PROBLEM TO WORK ON: Take each line of the entries below that contains "impI" and copy it.

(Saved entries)

(* Let $T$ be a tree with diameter $d$, and let $k$ be an integer with $1\le k\le d-1$. Then the $k$th power $T^k$ contains a $(k+1)^+$-branching spanning tree.
   Context: All graphs are finite, simple, undirected. In a tree, vertices of degree $1$ are leaves and all other vertices are internal vertices. For an integer $m$, a tree is $m^+$-branching if every internal vertex has degree at least $m$. For a graph $G=(V,E)$ and $k\in\mathbb{N}$, the $k$th power $G^k$ is the graph on vertex set $V$ in which $u\ne v$ are adjacent iff $d_G(u,v)\le k$ (distance in $G$). The diameter is the maximum distance between two vertices. *)

theory Defs
  imports Main
begin

definition is_graph :: "'a set \<Rightarrow> 'a set set \<Rightarrow> bool" where
  "is_graph V E \<longleftrightarrow> finite V \<and> (\<forall>e\<in>E. \<exists>u v. u \<in> V \<and> v \<in> V \<and> u \<noteq> v \<and> e = {u, v})"

definition walk :: "'a set \<Rightarrow> 'a set set \<Rightarrow> 'a list \<Rightarrow> bool" where
  "walk V E xs \<longleftrightarrow> xs \<noteq> [] \<and> set xs \<subseteq> V \<and>
     (\<forall>i. Suc i < length xs \<longrightarrow> {xs ! i, xs ! Suc i} \<in> E)"

definition connected_graph :: "'a set \<Rightarrow> 'a set set \<Rightarrow> bool" where
  "connected_graph V E \<longleftrightarrow>
     (\<forall>u\<in>V. \<forall>v\<in>V. \<exists>xs. walk V E xs \<and> hd xs = u \<and> last xs = v)"

definition is_cycle :: "'a set \<Rightarrow> 'a set set \<Rightarrow> 'a list \<Rightarrow> bool" where
  "is_cycle V E xs \<longleftrightarrow> length xs \<ge> 3 \<and> distinct xs \<and> walk V E xs \<and> {last xs, hd xs} \<in> E"

definition is_tree :: "'a set \<Rightarrow> 'a set set \<Rightarrow> bool" where
  "is_tree V E \<longleftrightarrow> is_graph V E \<and> V \<noteq> {} \<and> connected_graph V E \<and> \<not> (\<exists>xs. is_cycle V E xs)"

text \<open>Distance: number of edges of a shortest walk (meaningful in connected graphs).\<close>
definition gdist :: "'a set \<Rightarrow> 'a set set \<Rightarrow> 'a \<Rightarrow> 'a \<Rightarrow> nat" where
  "gdist V E u v = (LEAST n. \<exists>xs. walk V E xs \<and> hd xs = u \<and> last xs = v \<and> length xs = Suc n)"

definition diameter :: "'a set \<Rightarrow> 'a set set \<Rightarrow> nat" where
  "diameter V E = Max {gdist V E u v | u v. u \<in> V \<and> v \<in> V}"

definition degree :: "'a set \<Rightarrow> 'a set set \<Rightarrow> 'a \<Rightarrow> nat" where
  "degree V E v = card {u \<in> V. {u, v} \<in> E}"

definition graph_power :: "'a set \<Rightarrow> 'a set set \<Rightarrow> nat \<Rightarrow> 'a set set" where
  "graph_power V E k = {{u, v} | u v. u \<in> V \<and> v \<in> V \<and> u \<noteq> v \<and> gdist V E u v \<le> k}"

definition branching :: "nat \<Rightarrow> 'a set \<Rightarrow> 'a set set \<Rightarrow> bool" where
  "branching m V E \<longleftrightarrow> (\<forall>v\<in>V. degree V E v \<noteq> 1 \<longrightarrow> degree V E v \<ge> m)"

definition spanning_tree :: "'a set \<Rightarrow> 'a set set \<Rightarrow> 'a set set \<Rightarrow> bool" where
  "spanning_tree V E F \<longleftrightarrow> F \<subseteq> E \<and> is_tree V F"

end

theory Submission
  imports Defs
begin

text \<open>
  Only connectivity and the k + 2 vertices guaranteed by the diameter bound matter: the
  statement holds for every finite connected graph G with at least k + 2 vertices, by
  induction on the number of vertices. If some vertex c is within distance k of all others,
  the star centred at c is the required tree. Otherwise fix a vertex z, let h > k be its
  eccentricity, and let u be the vertex at distance h - k from z on a shortest path to a
  farthest vertex. The set D of vertices reached from z by a shortest path through u contains
  the last k vertices of that path and, by maximality of h, lies within distance k of u.
  Removing D keeps the graph connected (every remaining vertex has a neighbour closer to z
  outside D) and leaves a vertex at distance more than k from u, hence at least k + 2 vertices.
  A tree for the smaller graph, with the vertices of D attached to u as leaves, works for G:
  u gains at least k new neighbours and already had at least one.
\<close>

section \<open>Walks and distances\<close>

lemma walk_single [simp]: "walk V E [x] \<longleftrightarrow> x \<in> V"
  unfolding walk_def by auto

lemma walk_Cons_Cons [simp]:
  "walk V E (x # y # xs) \<longleftrightarrow> x \<in> V \<and> {x, y} \<in> E \<and> walk V E (y # xs)"
proof -
  have "(\<forall>i. Suc i < length (x # y # xs) \<longrightarrow> {(x # y # xs) ! i, (x # y # xs) ! Suc i} \<in> E)
    \<longleftrightarrow> {x, y} \<in> E \<and> (\<forall>i. Suc i < length (y # xs) \<longrightarrow> {(y # xs) ! i, (y # xs) ! Suc i} \<in> E)"
    (is "?L \<longleftrightarrow> ?R")
  proof
    assume L: ?L
    show ?R
    proof (intro conjI allI impI)
      show "{x, y} \<in> E" using L[rule_format, of 0] by simp
      fix i assume "Suc i < length (y # xs)"
      then show "{(y # xs) ! i, (y # xs) ! Suc i} \<in> E" using L[rule_format, of "Suc i"] by simp
    qed
  next
    assume R: ?R
    show ?L
    proof (intro allI impI)
      fix i assume "Suc i < length (x # y # xs)"
      then show "{(x # y # xs) ! i, (x # y # xs) ! Suc i} \<in> E" using R by (cases i) auto
    qed
  qed
  then show ?thesis unfolding walk_def by auto
qed

lemma walk_nonempty: "walk V E xs \<Longrightarrow> xs \<noteq> []"
  unfolding walk_def by auto

lemma walk_append:
  assumes "xs \<noteq> []" "ys \<noteq> []"
  shows "walk V E (xs @ ys) \<longleftrightarrow> walk V E xs \<and> walk V E ys \<and> {last xs, hd ys} \<in> E"
  using assms(1)
proof (induction xs rule: list_nonempty_induct)
  case (single x)
  then show ?case using assms(2) by (cases ys) auto
next
  case (cons x xs)
  then show ?case by (cases xs) auto
qed

lemma walk_join:
  assumes "walk V E xs" "walk V E ys" "last xs = hd ys"
  shows "walk V E (xs @ tl ys)" "hd (xs @ tl ys) = hd xs" "last (xs @ tl ys) = last ys"
    "length (xs @ tl ys) = length xs + length ys - 1"
proof -
  obtain y ys' where ys: "ys = y # ys'" using walk_nonempty[OF assms(2)] by (cases ys) auto
  have "xs \<noteq> []" using walk_nonempty[OF assms(1)] .
  then show "walk V E (xs @ tl ys)" using assms ys
    by (cases ys') (auto simp: walk_append)
  show "hd (xs @ tl ys) = hd xs" "last (xs @ tl ys) = last ys"
    "length (xs @ tl ys) = length xs + length ys - 1"
    using \<open>xs \<noteq> []\<close> assms(3) ys by (auto simp: last_append)
qed

lemma walk_rev [simp]: "walk V E (rev xs) \<longleftrightarrow> walk V E xs"
proof (cases "xs = []")
  case True
  then show ?thesis by (simp add: walk_def)
next
  case False
  then show ?thesis
  proof (induction xs rule: list_nonempty_induct)
    case (single x)
    then show ?case by simp
  next
    case (cons x xs)
    have "walk V E (rev (x # xs)) \<longleftrightarrow> walk V E (rev xs) \<and> x \<in> V \<and> {hd xs, x} \<in> E"
      using cons by (simp add: walk_append last_rev)
    also have "\<dots> \<longleftrightarrow> walk V E (x # xs)"
      using cons by (cases xs) (auto simp: insert_commute)
    finally show ?case .
  qed
qed

lemma walk_take: "walk V E xs \<Longrightarrow> 0 < n \<Longrightarrow> walk V E (take n xs)"
  unfolding walk_def by (auto dest: in_set_takeD)

lemma walk_drop: "walk V E xs \<Longrightarrow> n < length xs \<Longrightarrow> walk V E (drop n xs)"
  unfolding walk_def by (auto dest: in_set_dropD)

lemma walk_mono: "walk V' E' xs \<Longrightarrow> V' \<subseteq> V \<Longrightarrow> E' \<subseteq> E \<Longrightarrow> walk V E xs"
  unfolding walk_def by auto

lemma connected_graphI_root:
  assumes "c \<in> V" "\<And>y. y \<in> V \<Longrightarrow> \<exists>xs. walk V E xs \<and> hd xs = y \<and> last xs = c"
  shows "connected_graph V E"
  unfolding connected_graph_def
proof (intro ballI)
  fix u v assume "u \<in> V" "v \<in> V"
  obtain xs where xs: "walk V E xs" "hd xs = u" "last xs = c" using assms(2) \<open>u \<in> V\<close> by blast
  obtain ys where ys: "walk V E ys" "hd ys = v" "last ys = c" using assms(2) \<open>v \<in> V\<close> by blast
  have "ys \<noteq> []" using walk_nonempty[OF ys(1)] .
  then have rev_ys: "walk V E (rev ys)" "hd (rev ys) = c" "last (rev ys) = v"
    using ys by (auto simp: hd_rev last_rev)
  show "\<exists>xs. walk V E xs \<and> hd xs = u \<and> last xs = v"
    using walk_join[OF xs(1) rev_ys(1)] xs rev_ys by metis
qed

lemma gdist_le:
  assumes "walk V E xs" "hd xs = a" "last xs = b" "length xs = Suc n"
  shows "gdist V E a b \<le> n"
  unfolding gdist_def by (rule Least_le) (use assms in blast)

lemma obtain_shortest_walk:
  assumes "connected_graph V E" "a \<in> V" "b \<in> V"
  obtains xs where "walk V E xs" "hd xs = a" "last xs = b" "length xs = Suc (gdist V E a b)"
proof -
  obtain xs where xs: "walk V E xs" "hd xs = a" "last xs = b"
    using assms unfolding connected_graph_def by blast
  then have "length xs = Suc (length xs - 1)" using walk_nonempty by fastforce
  with xs have "\<exists>n xs. walk V E xs \<and> hd xs = a \<and> last xs = b \<and> length xs = Suc n" by blast
  then have "\<exists>xs. walk V E xs \<and> hd xs = a \<and> last xs = b \<and> length xs = Suc (gdist V E a b)"
    unfolding gdist_def by (rule LeastI_ex)
  then show ?thesis using that by blast
qed

lemma gdist_self [simp]: "a \<in> V \<Longrightarrow> gdist V E a a = 0"
  using gdist_le[of V E "[a]" a a 0] by simp

lemma gdist_eq_0_iff:
  assumes "connected_graph V E" "a \<in> V" "b \<in> V"
  shows "gdist V E a b = 0 \<longleftrightarrow> a = b"
proof
  assume "gdist V E a b = 0"
  then obtain xs where "walk V E xs" "hd xs = a" "last xs = b" "length xs = 1"
    using obtain_shortest_walk[OF assms] by (metis One_nat_def)
  then show "a = b" by (cases xs) auto
qed (use assms in simp)

lemma gdist_edge: "{a, b} \<in> E \<Longrightarrow> a \<in> V \<Longrightarrow> b \<in> V \<Longrightarrow> gdist V E a b \<le> 1"
  using gdist_le[of V E "[a, b]" a b 1] by simp

lemma gdist_triangle:
  assumes "connected_graph V E" "a \<in> V" "b \<in> V" "c \<in> V"
  shows "gdist V E a c \<le> gdist V E a b + gdist V E b c"
proof -
  obtain xs where xs: "walk V E xs" "hd xs = a" "last xs = b" "length xs = Suc (gdist V E a b)"
    using obtain_shortest_walk[OF assms(1-3)] .
  obtain ys where ys: "walk V E ys" "hd ys = b" "last ys = c" "length ys = Suc (gdist V E b c)"
    using obtain_shortest_walk[OF assms(1,3,4)] .
  have "last xs = hd ys" using xs ys by simp
  from walk_join[OF xs(1) ys(1) this] show ?thesis
    by (intro gdist_le[of V E "xs @ tl ys"]) (use xs ys in auto)
qed

lemma gdist_mono:
  assumes "connected_graph W H" "a \<in> W" "b \<in> W" "W \<subseteq> V" "H \<subseteq> E"
  shows "gdist V E a b \<le> gdist W H a b"
proof -
  obtain xs where xs: "walk W H xs" "hd xs = a" "last xs = b" "length xs = Suc (gdist W H a b)"
    using obtain_shortest_walk[OF assms(1-3)] .
  show ?thesis using walk_mono[OF xs(1) assms(4,5)] xs(2-4) by (rule gdist_le)
qed

lemma gdist_nth_le:
  assumes "walk V E ws" "i \<le> j" "j < length ws"
  shows "gdist V E (ws ! i) (ws ! j) \<le> j - i"
proof (rule gdist_le)
  show "walk V E (drop i (take (Suc j) ws))" using assms by (intro walk_drop walk_take) auto
qed (use assms in \<open>auto simp: hd_drop_conv_nth last_conv_nth\<close>)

ANSWER:
    proof (intro conjI allI impI)
    proof (intro allI impI)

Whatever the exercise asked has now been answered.